### Saved data entries:
(* Let $\gamma$ be a Gutkin curve with contact angle $\alpha$ on the unit sphere $\mathbb{S}^2$, with chord parameterizations $x(t),y(t)$, where $x,y$ are arc-length coordinates on $\gamma$, $\kappa$ is the geodesic curvature of $\gamma$ and $'$ denotes $d/dt$. Then along the family of chords $$\frac{y'(t)}{x'(t)}=\frac{\sqrt{\kappa^2(x(t))+\sin^2\alpha}}{\sqrt{\kappa^2(y(t))+\sin^2\alpha}};$$ equivalently, if $t$ is chosen so that $x'=a/\sqrt{\kappa^2(x)+\sin^2\alpha}$ for a constant $a$, then $y'=a/\sqrt{\kappa^2(y)+\sin^2\alpha}$, so that the values of this parameter at the two endpoints of each chord differ by a constant.
   Context: A smooth convex oriented closed curve $C$ on $\mathbb{S}^2$ is a Gutkin curve with contact angle $\alpha\in(0,\pi]$ if there are parameterizations $x(t),y(t)$ of $C$ with $x'(t),y'(t)>0$, $x(t)\ne y(t)$, such that for every $t$ the geodesic chord from $x(t)$ to $y(t)$ makes angle $\alpha$ with $C$ at both ends: at $x(t)$ the angle between the positively oriented tangent of $C$ and the chord direction towards $y(t)$, and at $y(t)$ the angle between the chord direction (from $x(t)$ towards $y(t)$) and the positively oriented tangent of $C$. *)

theory Defs
  imports "HOL-Analysis.Analysis"
begin

definition vd :: "(real \<Rightarrow> real^3) \<Rightarrow> real \<Rightarrow> real^3" where
  "vd f t = vector_derivative f (at t)"

definition smooth_curve :: "(real \<Rightarrow> real^3) \<Rightarrow> bool" where
  "smooth_curve g \<longleftrightarrow> (\<forall>k s. ((vd ^^ k) g) differentiable (at s))"

text \<open>Geodesic curvature of a unit-speed curve on the unit sphere:
  kappa = det(g, g', g'') = (g x g') . g''.\<close>
definition geod_curv :: "(real \<Rightarrow> real^3) \<Rightarrow> real \<Rightarrow> real" where
  "geod_curv g s = cross3 (g s) (vd g s) \<bullet> vd (vd g) s"

definition sphere_closed_curve :: "(real \<Rightarrow> real^3) \<Rightarrow> real \<Rightarrow> bool" where
  "sphere_closed_curve g L \<longleftrightarrow> L > 0 \<and> smooth_curve g \<and>
     (\<forall>s. norm (g s) = 1) \<and> (\<forall>s. norm (vd g s) = 1) \<and>
     (\<forall>s. g (s + L) = g s) \<and> inj_on g {0..<L}"

text \<open>Convex and positively oriented: lies in an open hemisphere and has
  nonnegative geodesic curvature (the enclosed convex region is to the left).\<close>
definition convex_sphere_curve :: "(real \<Rightarrow> real^3) \<Rightarrow> real \<Rightarrow> bool" where
  "convex_sphere_curve g L \<longleftrightarrow> sphere_closed_curve g L \<and>
     (\<exists>n. \<forall>s. g s \<bullet> n > 0) \<and> (\<forall>s. geod_curv g s \<ge> 0)"

definition vec_angle :: "real^3 \<Rightarrow> real^3 \<Rightarrow> real" where
  "vec_angle u v = arccos ((u \<bullet> v) / (norm u * norm v))"

text \<open>Unit tangent at p of the minimizing great-circle arc from p to q
  (p, q on S^2, not antipodal), pointing towards q.\<close>
definition chord_dir_start :: "real^3 \<Rightarrow> real^3 \<Rightarrow> real^3" where
  "chord_dir_start p q = (1 / norm (q - (p \<bullet> q) *\<^sub>R p)) *\<^sub>R (q - (p \<bullet> q) *\<^sub>R p)"

text \<open>Unit tangent at q of the arc from p to q, pointing in the direction of
  travel from p towards q (i.e. away from p).\<close>
definition chord_dir_end :: "real^3 \<Rightarrow> real^3 \<Rightarrow> real^3" where
  "chord_dir_end p q = - chord_dir_start q p"

definition gutkin :: "(real \<Rightarrow> real^3) \<Rightarrow> real \<Rightarrow> real \<Rightarrow> (real \<Rightarrow> real) \<Rightarrow> (real \<Rightarrow> real) \<Rightarrow> bool" where
  "gutkin g L \<alpha> x y \<longleftrightarrow> convex_sphere_curve g L \<and> 0 < \<alpha> \<and> \<alpha> \<le> pi \<and>
     (\<forall>t. x differentiable (at t) \<and> y differentiable (at t) \<and> deriv x t > 0 \<and> deriv y t > 0) \<and>
     range (g \<circ> x) = range g \<and> range (g \<circ> y) = range g \<and>
     (\<forall>t. g (x t) \<noteq> g (y t)) \<and>
     (\<forall>t. vec_angle (vd g (x t)) (chord_dir_start (g (x t)) (g (y t))) = \<alpha> \<and>
          vec_angle (chord_dir_end (g (x t)) (g (y t))) (vd g (y t)) = \<alpha>)"

end

(*
  Let P, Q be the endpoints of a chord, T_P, T_Q the unit tangents there and s the sine of
  the chord length. The contact conditions read T_P . Q = s cos \<alpha> and P . T_Q = - s cos \<alpha>,
  so the normal components (P \<times> T_P) . Q and (Q \<times> T_Q) . P both have modulus s sin \<alpha>.
  Differentiating the two contact conditions along the family of chords gives two equations,
  linear in x' and y', in which the geodesic curvatures appear only multiplied by these normal
  components; eliminating them leaves y'^2 (\<kappa>(y)^2 + sin^2 \<alpha>) = x'^2 (\<kappa>(x)^2 + sin^2 \<alpha>).

  For \<alpha> = pi the normal components vanish identically, and differentiating this identity gives
  \<kappa> = 0 along the curve. A closed geodesic of the sphere is a great circle, which does not fit
  into an open hemisphere, so this case does not occur.
*)
theory Submission
  imports Defs "HOL-Library.Periodic_Fun"
begin

unbundle cross3_syntax

lemma cramer_cross3:
  fixes a b c v :: "real^3"
  shows "(a \<bullet> (b \<times> c)) *\<^sub>R v = (v \<bullet> (b \<times> c)) *\<^sub>R a + (v \<bullet> (c \<times> a)) *\<^sub>R b + (v \<bullet> (a \<times> b)) *\<^sub>R c"
  by (auto simp: cross3_simps forall_3)

lemma orthonormal_frame_expansion:
  fixes a b v :: "real^3"
  assumes "a \<bullet> a = 1" "b \<bullet> b = 1" "a \<bullet> b = 0"
  shows "v = (v \<bullet> a) *\<^sub>R a + (v \<bullet> b) *\<^sub>R b + (v \<bullet> (a \<times> b)) *\<^sub>R (a \<times> b)"
proof -
  have "b \<times> (a \<times> b) = a" "(a \<times> b) \<times> a = b"
    using assms by (simp_all add: Lagrange inner_commute cross_skew[of _ a])
  then show ?thesis
    using cramer_cross3[of a b "a \<times> b" v] assms by simp
qed

lemma inner_orthonormal_frame:
  fixes a b v w :: "real^3"
  assumes "a \<bullet> a = 1" "b \<bullet> b = 1" "a \<bullet> b = 0"
  shows "v \<bullet> w = (v \<bullet> a) * (w \<bullet> a) + (v \<bullet> b) * (w \<bullet> b) + (v \<bullet> (a \<times> b)) * (w \<bullet> (a \<times> b))"
proof -
  have "v \<bullet> w = ((v \<bullet> a) *\<^sub>R a + (v \<bullet> b) *\<^sub>R b + (v \<bullet> (a \<times> b)) *\<^sub>R (a \<times> b)) \<bullet> w"
    by (rule arg_cong[OF orthonormal_frame_expansion[OF assms]])
  then show ?thesis
    by (simp only: inner_add_left inner_scaleR_left) (simp add: inner_commute)
qed

lemma triple_product_mult:
  fixes a b c d e f :: "real^3"
  shows "((a \<times> b) \<bullet> c) * ((d \<times> e) \<bullet> f) =
    (a \<bullet> d) * ((b \<bullet> e) * (c \<bullet> f) - (b \<bullet> f) * (c \<bullet> e))
  - (a \<bullet> e) * ((b \<bullet> d) * (c \<bullet> f) - (b \<bullet> f) * (c \<bullet> d))
  + (a \<bullet> f) * ((b \<bullet> d) * (c \<bullet> e) - (b \<bullet> e) * (c \<bullet> d))"
  by (simp add: cross3_simps)
lemma mult_ln_ratio_le:
  fixes p q :: real
  assumes "0 < p" "0 < q"
  shows "p * ln q - p * ln p \<le> q - p"
proof -
  have "p * ln q - p * ln p = p * ln (q / p)" using assms by (simp add: ln_div algebra_simps)
  also have "\<dots> \<le> p * (q / p - 1)" using assms by (intro mult_left_mono ln_le_minus_one) auto
  also have "\<dots> = q - p" using assms by (simp add: field_simps)
  finally show ?thesis .
qed

lemma mult_ln_ratio3_le:
  fixes a b c r :: real
  assumes "0 \<le> r" "r \<le> a" "r \<le> b" "r \<le> c"
  shows "r * ln a + r * ln b - r * ln c - r * ln r \<le> a * b / c - r"
proof (cases "r = 0")
  case False
  then have pos: "0 < r" "0 < a" "0 < b" "0 < c" using assms by auto
  have "r * ln a + r * ln b - r * ln c - r * ln r = r * ln (a * b / c) - r * ln r"
    using pos by (simp add: ln_mult ln_div algebra_simps)
  also have "\<dots> \<le> a * b / c - r" using pos by (intro mult_ln_ratio_le) auto
  finally show ?thesis .
qed (use assms in simp)

context prob_space
begin

definition pmass :: "('a \<Rightarrow> 'b) \<Rightarrow> 'b \<Rightarrow> real" where
  "pmass f y = prob (f -` {y} \<inter> space M)"

definition dentropy :: "('a \<Rightarrow> 'b) \<Rightarrow> real" where
  "dentropy f = - (\<Sum>y\<in>f ` space M. xlnx (pmass f y))"

definition cond_dentropy :: "('a \<Rightarrow> 'b) \<Rightarrow> ('a \<Rightarrow> 'c) \<Rightarrow> real" where
  "cond_dentropy f g = dentropy (\<lambda>w. (f w, g w)) - dentropy g"

lemma pmass_nonneg: "0 \<le> pmass f y"
  by (simp add: pmass_def)

lemma pmass_le_1: "pmass f y \<le> 1"
  by (simp add: pmass_def)

lemma pmass_eq_0: "y \<notin> f ` space M \<Longrightarrow> pmass f y = 0"
  unfolding pmass_def by (subgoal_tac "f -` {y} \<inter> space M = {}") auto

lemma dentropy_eq_sum_ln: "dentropy f = - (\<Sum>y\<in>f ` space M. pmass f y * ln (pmass f y))"
  by (simp add: dentropy_def xlnx_def)

lemma dentropy_eq_sum_superset:
  assumes "finite S" "f ` space M \<subseteq> S"
  shows "dentropy f = - (\<Sum>y\<in>S. xlnx (pmass f y))"
  unfolding dentropy_def
  by (rule arg_cong[where f=uminus], rule sum.mono_neutral_left) (auto simp: assms pmass_eq_0)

### Work order:
Starting from the first line of the records above, retype each line exactly up to and including the one that contains "Context: A smooth", and nothing more.

### Answer section:
(* Let $\gamma$ be a Gutkin curve with contact angle $\alpha$ on the unit sphere $\mathbb{S}^2$, with chord parameterizations $x(t),y(t)$, where $x,y$ are arc-length coordinates on $\gamma$, $\kappa$ is the geodesic curvature of $\gamma$ and $'$ denotes $d/dt$. Then along the family of chords $$\frac{y'(t)}{x'(t)}=\frac{\sqrt{\kappa^2(x(t))+\sin^2\alpha}}{\sqrt{\kappa^2(y(t))+\sin^2\alpha}};$$ equivalently, if $t$ is chosen so that $x'=a/\sqrt{\kappa^2(x)+\sin^2\alpha}$ for a constant $a$, then $y'=a/\sqrt{\kappa^2(y)+\sin^2\alpha}$, so that the values of this parameter at the two endpoints of each chord differ by a constant.
   Context: A smooth convex oriented closed curve $C$ on $\mathbb{S}^2$ is a Gutkin curve with contact angle $\alpha\in(0,\pi]$ if there are parameterizations $x(t),y(t)$ of $C$ with $x'(t),y'(t)>0$, $x(t)\ne y(t)$, such that for every $t$ the geodesic chord from $x(t)$ to $y(t)$ makes angle $\alpha$ with $C$ at both ends: at $x(t)$ the angle between the positively oriented tangent of $C$ and the chord direction towards $y(t)$, and at $y(t)$ the angle between the chord direction (from $x(t)$ towards $y(t)$) and the positively oriented tangent of $C$. *)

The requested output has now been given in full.